Interestingly, the light microscopical investigations for liver sections from those co-treated with betaine (GP III) in comparison with those of group II displayed partial recovery in the form of reduction of dilation and congestion of affected blood vessels and complete disappearance of hyalinization and vacuolation. Some hepatocytes are nearly normal with central, spherical, and vesicular nuclei while others still have pyknotic nuclei. Concerning portal triads, there was a great reduction in their histopathological changes and they appeared nearly normal. These observations were concomitant with those of Abdel-Daim and Abdellatief [30], Heidari et al. [43]. Abdel-Daim and Abdellatief administered betaine to alleviate abamectin toxicity by 250 mg/kg daily for 10 days orally, and Heidari et al. concluded that betaine administration at doses of 10 and 50 mg/kg could lessen alterations in the hepatic tissue of cirrhotic animals.

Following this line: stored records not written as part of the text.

(* Let $a_0,a_1,a_2,a_3\in\mathbb{R}$ and consider the binary quartic form $$f(x,y)=-x^4+a_3x^3y+a_2x^2y^2+a_1xy^3+a_0y^4 .$$ Let $$b_1=-\tfrac14\,(4a_0+a_2^2+a_1a_3),\qquad b_2=-\tfrac{a_2}{2},\qquad \lambda_0=\frac{4b_2+2\sqrt{3b_1+4b_2^2}}{3}.$$ Then $f$ is negative semi-definite if and only if $\lambda_0$ is real and the matrix $$\begin{bmatrix}-1&\frac{a_3}{2}&\frac{a_2+\lambda_0}{2}\\[2pt] \frac{a_3}{2}&-\lambda_0&\frac{a_1}{2}\\[2pt] \frac{a_2+\lambda_0}{2}&\frac{a_1}{2}&a_0\end{bmatrix}$$ is negative semi-definite. Likewise, $f$ is negative definite if and only if $\lambda_0$ is real and this matrix is negative definite.
   Context: A binary form $f(x,y)$ with real coefficients is negative definite (resp. negative semi-definite) if $f(x,y)<0$ (resp. $f(x,y)\le 0$) for all real $x,y$ not both zero. The quantity $\lambda_0$ is real exactly when $3b_1+4b_2^2\ge 0$. *)

theory Defs
  imports "HOL-Analysis.Analysis"
begin

definition neg_semidef_form :: "(real \<Rightarrow> real \<Rightarrow> real) \<Rightarrow> bool" where
  "neg_semidef_form f \<longleftrightarrow> (\<forall>x y. (x, y) \<noteq> (0, 0) \<longrightarrow> f x y \<le> 0)"

definition neg_def_form :: "(real \<Rightarrow> real \<Rightarrow> real) \<Rightarrow> bool" where
  "neg_def_form f \<longleftrightarrow> (\<forall>x y. (x, y) \<noteq> (0, 0) \<longrightarrow> f x y < 0)"

definition neg_semidef_matrix :: "real^'n^'n \<Rightarrow> bool" where
  "neg_semidef_matrix M \<longleftrightarrow> (\<forall>x. x \<bullet> (M *v x) \<le> 0)"

definition neg_def_matrix :: "real^'n^'n \<Rightarrow> bool" where
  "neg_def_matrix M \<longleftrightarrow> (\<forall>x. x \<noteq> 0 \<longrightarrow> x \<bullet> (M *v x) < 0)"

end

(*
  With P(x) = -f(x,1) = x^4 - a3 x^3 - a2 x^2 - a1 x - a0, the form f is negative
  (semi-)definite iff P is positive (nonnegative) on the reals. For every lambda the
  matrix M(lambda) is a Gram matrix of f in the monomials (x^2, xy, y^2), which gives
  sufficiency. For necessity, expand the nonnegative quartic P around a global minimiser
  x0: P(x) = (x - x0)^2 ((x - u)^2 + q) + m with q, m >= 0. Writing m = z (3z + 2k)/4
  with z >= 0 and k = q + (u - x0)^2 turns 3 b1 + 4 b2^2 into ((3z + k)/2)^2 and lambda0
  into (x0 + u)^2 + q + z, and then -v^T M(lambda0) v is an explicit sum of squares with
  nonnegative weights, which is positive definite as soon as m > 0.
*)
theory Submission
  imports Defs
begin

definition monic_quartic :: "real \<Rightarrow> real \<Rightarrow> real \<Rightarrow> real \<Rightarrow> real \<Rightarrow> real" where
  "monic_quartic a3 a2 a1 a0 x = x^4 - a3*x^3 - a2*x^2 - a1*x - a0"

lemma monic_quartic_ge_at_0:
  assumes "1 + \<bar>a3\<bar> + \<bar>a2\<bar> + \<bar>a1\<bar> \<le> \<bar>x\<bar>"
  shows "monic_quartic a3 a2 a1 a0 0 \<le> monic_quartic a3 a2 a1 a0 x"
proof -
  define t where "t = \<bar>x\<bar>"
  have t: "1 \<le> t" using assms unfolding t_def by simp
  have "a3*x^3 + a2*x^2 + a1*x \<le> \<bar>a3\<bar>*t^3 + \<bar>a2\<bar>*t^2 + \<bar>a1\<bar>*t"
    unfolding t_def by (intro add_mono; metis abs_ge_self abs_mult power_abs)
  also have "\<dots> \<le> (\<bar>a3\<bar> + \<bar>a2\<bar> + \<bar>a1\<bar>)*t^3"
  proof -
    have "t^2 \<le> t^3" "t \<le> t^3"
      using t power_increasing[of 2 3 t] power_increasing[of 1 3 t] by auto
    then show ?thesis by (simp add: distrib_right add_mono mult_left_mono)
  qed
  also have "\<dots> \<le> (t - 1)*t^3"
    using assms t unfolding t_def by (intro mult_right_mono) auto
  also have "\<dots> \<le> x^4"
    using t unfolding t_def by (simp add: algebra_simps power_even_abs flip: power_Suc)
  finally show ?thesis unfolding monic_quartic_def by simp
qed

lemma monic_quartic_attains_min:
  obtains x0 where "\<And>x. monic_quartic a3 a2 a1 a0 x0 \<le> monic_quartic a3 a2 a1 a0 x"
proof -
  define R where "R = 1 + \<bar>a3\<bar> + \<bar>a2\<bar> + \<bar>a1\<bar>"
  let ?P = "monic_quartic a3 a2 a1 a0"
  obtain x0 where x0: "x0 \<in> {-R..R}" "\<And>y. y \<in> {-R..R} \<Longrightarrow> ?P x0 \<le> ?P y"
    using continuous_attains_inf[of "{-R..R}" ?P] R_def
    by (fastforce simp: monic_quartic_def intro!: continuous_intros)
  have "?P x0 \<le> ?P x" for x
  proof (cases "\<bar>x\<bar> \<le> R")
    case True
    then show ?thesis using x0 by (auto simp: abs_le_iff)
  next
    case False
    have "?P x0 \<le> ?P 0" using x0 R_def by auto
    also have "\<dots> \<le> ?P x" using False R_def by (intro monic_quartic_ge_at_0) simp
    finally show ?thesis .
  qed
  then show thesis using that by blast
qed

lemma nonneg_monic_quartic_decomp:
  assumes nonneg: "\<And>x. 0 \<le> monic_quartic a3 a2 a1 a0 x"
  obtains x0 u q m where "0 \<le> q" "0 \<le> m" "m = monic_quartic a3 a2 a1 a0 x0"
    "a3 = 2*(x0 + u)" "a2 = -((x0 + u)^2 + 2*x0*u + q)" "a1 = 2*x0*((x0 + u)*u + q)"
    "a0 = -(x0^2*(u^2 + q) + m)"
proof -
  let ?P = "monic_quartic a3 a2 a1 a0"
  obtain x0 where min: "\<And>x. ?P x0 \<le> ?P x"
    using monic_quartic_attains_min by blast
  have "DERIV ?P x0 :> 4*x0^3 - 3*a3*x0^2 - 2*a2*x0 - a1"
    unfolding monic_quartic_def
    by (auto intro!: derivative_eq_intros simp: power2_eq_square power3_eq_cube)
  then have "4*x0^3 - 3*a3*x0^2 - 2*a2*x0 - a1 = 0"
    by (rule DERIV_local_min[of _ _ _ 1]) (use min in auto)
  then have crit: "a1 = 4*x0^3 - 3*a3*x0^2 - 2*a2*x0" by simp
  define u where "u = a3/2 - x0"
  define q where "q = 3*x0^2 - 2*a3*x0 - a2 - u^2"
  define m where "m = ?P x0"
  have a3: "a3 = 2*(x0 + u)" and a2: "a2 = -((x0 + u)^2 + 2*x0*u + q)"
    unfolding u_def q_def by (simp_all add: field_simps power2_eq_square)
  have a1: "a1 = 2*x0*((x0 + u)*u + q)"
    unfolding crit u_def q_def by (simp add: field_simps power2_eq_square power3_eq_cube)
  have a0: "a0 = -(x0^2*(u^2 + q) + m)"
    unfolding m_def monic_quartic_def q_def u_def crit
    by (simp add: field_simps power2_eq_square power3_eq_cube power4_eq_xxxx)
  have factored: "?P x - m = (x - x0)^2*((x - u)^2 + q)" for x
    unfolding monic_quartic_def a3 a2 a1 a0
    by (simp add: algebra_simps power2_eq_square power3_eq_cube power4_eq_xxxx)
  have gap: "0 \<le> (x - x0)^2*((x - u)^2 + q)" for x
    using min[of x] factored[of x] m_def by simp
  have "0 \<le> q"
  proof (cases "u = x0")
    case False
    then show ?thesis using gap[of u] by (simp add: zero_le_mult_iff)
  next
    case True
    show ?thesis
    proof (rule field_le_epsilon)
      fix e :: real
      assume "0 < e"
      then show "0 \<le> q + e"
        using gap[of "u + sqrt e"] True by (simp add: zero_le_mult_iff)
    qed
  qed
  moreover have "0 \<le> m" using nonneg m_def by simp
  ultimately show thesis using that[OF _ _ m_def a3 a2 a1 a0] by blast
qed

lemma exists_nonneg_root_quadratic:
  fixes k m :: real
  assumes "0 \<le> k" "0 \<le> m"
  obtains z where "0 \<le> z" "4*m = z*(3*z + 2*k)"
proof
  define r where "r = sqrt (k^2 + 12*m)"
  have "k \<le> r"
    unfolding r_def using assms by (intro real_le_rsqrt) simp
  then show "0 \<le> (r - k)/3" by simp
  have "r^2 = k^2 + 12*m"
    unfolding r_def using assms by simp
  then show "4*m = (r - k)/3*(3*((r - k)/3) + 2*k)"
    by (simp add: field_simps power2_eq_square)
qed

definition gram_matrix :: "real \<Rightarrow> real \<Rightarrow> real \<Rightarrow> real \<Rightarrow> real \<Rightarrow> real^3^3" where
  "gram_matrix a3 a2 a1 a0 lam =
     vector [vector [-1, a3/2, (a2 + lam)/2],
             vector [a3/2, -lam, a1/2],
             vector [(a2 + lam)/2, a1/2, a0]]"

lemma inner_gram_matrix:
  "x \<bullet> (gram_matrix a3 a2 a1 a0 lam *v x) =
     -(x$1^2 + lam*x$2^2 - a0*x$3^2 - a3*x$1*x$2 - (a2 + lam)*x$1*x$3 - a1*x$2*x$3)"
  by (simp add: gram_matrix_def inner_vec_def matrix_vector_mult_def sum_3 power2_eq_square
      algebra_simps)

lemma quartic_form_eq_gram:
  fixes x y :: real
  defines "w \<equiv> vector [x^2, x*y, y^2] :: real^3"
  shows "- (x^4) + a3*x^3*y + a2*x^2*y^2 + a1*x*y^3 + a0*y^4 =
    w \<bullet> (gram_matrix a3 a2 a1 a0 lam *v w)"
  unfolding inner_gram_matrix w_def by simp algebra

lemma neg_semidef_form_of_gram:
  assumes "neg_semidef_matrix (gram_matrix a3 a2 a1 a0 lam)"
  shows "neg_semidef_form (\<lambda>x y. - (x^4) + a3*x^3*y + a2*x^2*y^2 + a1*x*y^3 + a0*y^4)"
  using assms quartic_form_eq_gram[where lam = lam]
  unfolding neg_semidef_form_def neg_semidef_matrix_def by simp

lemma neg_def_form_of_gram:
  assumes "neg_def_matrix (gram_matrix a3 a2 a1 a0 lam)"
  shows "neg_def_form (\<lambda>x y. - (x^4) + a3*x^3*y + a2*x^2*y^2 + a1*x*y^3 + a0*y^4)"
proof -
  have "vector [x^2, x*y, y^2] \<noteq> (0 :: real^3)" if "(x, y) \<noteq> (0, 0)" for x y :: real
    using that by (auto simp: vec_eq_iff forall_3)
  then show ?thesis
    using assms quartic_form_eq_gram[where lam = lam]
    unfolding neg_def_form_def neg_def_matrix_def by simp
qed

lemma inner_gram_matrix_sos:
  assumes "a3 = 2*(x0 + u)" "a2 = -((x0 + u)^2 + 2*x0*u + q)" "a1 = 2*x0*((x0 + u)*u + q)"
    and "a0 = -(x0^2*(u^2 + q) + z*(3*z + 2*(q + (u - x0)^2))/4)"
  shows "x \<bullet> (gram_matrix a3 a2 a1 a0 ((x0 + u)^2 + q + z) *v x) =
     -((x$1 - (x0 + u)*x$2 - (z/2 - x0*u)*x$3)^2 + q*(x$2 - x0*x$3)^2
       + z*(x$2 - (x0 + u)/2*x$3)^2 + z*((u - x0)^2/4 + (z + q)/2)*x$3^2)"
  unfolding inner_gram_matrix assms by (simp add: field_simps power2_eq_square)

lemma gram_matrix_sos_certificate:
  assumes q: "0 \<le> q" and z: "0 \<le> z"
    and coeffs: "a3 = 2*(x0 + u)" "a2 = -((x0 + u)^2 + 2*x0*u + q)" "a1 = 2*x0*((x0 + u)*u + q)"
      "a0 = -(x0^2*(u^2 + q) + z*(3*z + 2*(q + (u - x0)^2))/4)"
  defines "G \<equiv> gram_matrix a3 a2 a1 a0 ((x0 + u)^2 + q + z)"
  shows "neg_semidef_matrix G" and "0 < z \<Longrightarrow> neg_def_matrix G"
proof -
  note sos = inner_gram_matrix_sos[OF coeffs, folded G_def]
  have weight: "0 \<le> (u - x0)^2/4 + (z + q)/2" using q z by simp
  show "neg_semidef_matrix G"
    unfolding neg_semidef_matrix_def sos neg_le_0_iff_le using q z weight
    by (intro allI add_nonneg_nonneg mult_nonneg_nonneg) auto
  assume "0 < z"
  then have weight_pos: "0 < z*((u - x0)^2/4 + (z + q)/2)"
    using q by (simp add: add_nonneg_pos)
  show "neg_def_matrix G"
    unfolding neg_def_matrix_def
  proof (intro allI impI)
    fix x :: "real^3"
    assume "x \<noteq> 0"
    show "x \<bullet> (G *v x) < 0"
    proof (rule ccontr)
      assume "\<not> x \<bullet> (G *v x) < 0"
      then have "z*((u - x0)^2/4 + (z + q)/2)*x$3^2 = 0" "z*(x$2 - (x0 + u)/2*x$3)^2 = 0"
          "(x$1 - (x0 + u)*x$2 - (z/2 - x0*u)*x$3)^2 = 0"
        unfolding sos using q z weight
        by (smt (verit) mult_nonneg_nonneg zero_le_power2)+
      then have "x$3 = 0" "x$2 = 0" "x$1 = 0"
        using weight_pos \<open>0 < z\<close> by auto
      then show False using \<open>x \<noteq> 0\<close> by (simp add: vec_eq_iff forall_3)
    qed
  qed
qed

lemma gram_matrix_of_nonneg_monic_quartic:
  fixes a0 a1 a2 a3 :: real
  assumes nonneg: "\<And>x. 0 \<le> monic_quartic a3 a2 a1 a0 x"
  defines "D \<equiv> 3 * (- (1/4) * (4 * a0 + a2^2 + a1 * a3)) + 4 * (- a2 / 2)^2"
  defines "lam0 \<equiv> (4 * (- a2 / 2) + 2 * sqrt D) / 3"
  shows "0 \<le> D" and "neg_semidef_matrix (gram_matrix a3 a2 a1 a0 lam0)"
    and "(\<And>x. 0 < monic_quartic a3 a2 a1 a0 x) \<Longrightarrow>
      neg_def_matrix (gram_matrix a3 a2 a1 a0 lam0)"
proof -
  obtain x0 u q m where q: "0 \<le> q" and m: "0 \<le> m" "m = monic_quartic a3 a2 a1 a0 x0"
    and a3: "a3 = 2*(x0 + u)" and a2: "a2 = -((x0 + u)^2 + 2*x0*u + q)"
    and a1: "a1 = 2*x0*((x0 + u)*u + q)" and a0: "a0 = -(x0^2*(u^2 + q) + m)"
    by (rule nonneg_monic_quartic_decomp[OF nonneg])
  define k where "k = q + (u - x0)^2"
  have k: "0 \<le> k" using q by (simp add: k_def)
  obtain z where z: "0 \<le> z" and m_z: "4*m = z*(3*z + 2*k)"
    by (rule exists_nonneg_root_quadratic[OF k m(1)])
  have a0_z: "a0 = -(x0^2*(u^2 + q) + z*(3*z + 2*(q + (u - x0)^2))/4)"
    using a0 m_z k_def by simp
  have D: "D = ((3*z + k)/2)^2"
    unfolding D_def a3 a2 a1 a0_z k_def by (simp add: field_simps power2_eq_square)
  then show "0 \<le> D" by simp
  have sqrt_D: "sqrt D = (3*z + k)/2"
    unfolding D using z k by simp
  have "lam0 = (x0 + u)^2 + q + z"
    unfolding lam0_def sqrt_D a2 k_def by (simp add: field_simps power2_eq_square)
  note certificate = gram_matrix_sos_certificate[OF q z a3 a2 a1 a0_z, folded this]
  show "neg_semidef_matrix (gram_matrix a3 a2 a1 a0 lam0)"
    by (rule certificate(1))
  assume "\<And>x. 0 < monic_quartic a3 a2 a1 a0 x"
  then have "0 < m" using m(2) by simp
  then have "0 < z" using m_z z by (cases "z = 0") auto
  then show "neg_def_matrix (gram_matrix a3 a2 a1 a0 lam0)"
    by (rule certificate(2))
qed

theorem corollary1:
  fixes a0 a1 a2 a3 :: real
  defines "f \<equiv> (\<lambda>x y. - (x^4) + a3 * x^3 * y + a2 * x^2 * y^2 + a1 * x * y^3 + a0 * y^4)"
      and "b1 \<equiv> - (1/4) * (4 * a0 + a2^2 + a1 * a3)"
      and "b2 \<equiv> - a2 / 2"
  defines "lam0 \<equiv> (4 * b2 + 2 * sqrt (3 * b1 + 4 * b2^2)) / 3"
  defines "M \<equiv> (vector [vector [-1, a3/2, (a2 + lam0)/2],
                          vector [a3/2, -lam0, a1/2],
                          vector [(a2 + lam0)/2, a1/2, a0]] :: real^3^3)"
  shows "(neg_semidef_form f \<longleftrightarrow> (3 * b1 + 4 * b2^2 \<ge> 0 \<and> neg_semidef_matrix M))
       \<and> (neg_def_form f \<longleftrightarrow> (3 * b1 + 4 * b2^2 \<ge> 0 \<and> neg_def_matrix M))"
proof -
  let ?P = "monic_quartic a3 a2 a1 a0"
  have M: "M = gram_matrix a3 a2 a1 a0 lam0"
    unfolding M_def gram_matrix_def ..
  note necessary = gram_matrix_of_nonneg_monic_quartic[of a3 a2 a1 a0,
      folded b1_def b2_def, folded lam0_def M]
  have sufficient: "neg_semidef_matrix M \<Longrightarrow> neg_semidef_form f"
      "neg_def_matrix M \<Longrightarrow> neg_def_form f"
    unfolding M f_def by (fact neg_semidef_form_of_gram neg_def_form_of_gram)+
  have f_at_1: "f x 1 = - ?P x" for x
    unfolding f_def monic_quartic_def by simp
  have nonneg: "0 \<le> ?P x" if "neg_semidef_form f" for x
  proof -
    have "f x 1 \<le> 0" using that unfolding neg_semidef_form_def by simp
    then show ?thesis by (simp add: f_at_1)
  qed
  have pos: "0 < ?P x" if "neg_def_form f" for x
  proof -
    have "f x 1 < 0" using that unfolding neg_def_form_def by simp
    then show ?thesis by (simp add: f_at_1)
  qed
  show ?thesis
    using necessary nonneg pos sufficient by (meson less_imp_le)
qed

end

These improvements in hepatic tissue are due to the powerful antioxidant capacity of betaine [89]. Besides its ability to maintain the structural integrity and normal functions of plasma membranes [89]. Betaine can maintain membranes' normal status via its assistance in the methylation of cell membranes and, consequently sustain phosphatidylcholine-phosphatidylethanolamine balance [90]. Betaine also promotes the oxidation process of fatty acids and improves lipid metabolism, as well as increasing high-density lipoprotein cholesterol (HDL-c) level, which interprets the reduction of hepatic steatosis [91]. The reduction of inflammatory cell infiltration is due to betaine obstructing the nuclear factor-κB (NF-κB) signaling pathway, which controls several genes involved in inflammation, such as TNFα, IL-1β, and IL-23 [22].

5 Conclusion

Based on this investigation, we have shown that CuO-NPs have the potential to disrupt the normal functioning of the liver through biochemical, histopathological, and immunohistochemical changes. Additionally, betaine has been found to be effective in reducing these changes. Hence, we suggest administering betaine as a safeguarding agent to individuals who are anticipated to be more susceptible to CuO-NPs exposure, particularly those residing in industrial regions. Despite the administration of betaine, mild degenerative changes are still present in the hepatic tissue. Therefore, additional research is necessary to discover the optimal dosage for maximum improvement, particularly since this is the first study to utilize betaine as a protective agent against hepatotoxicity caused by CuO-NPs.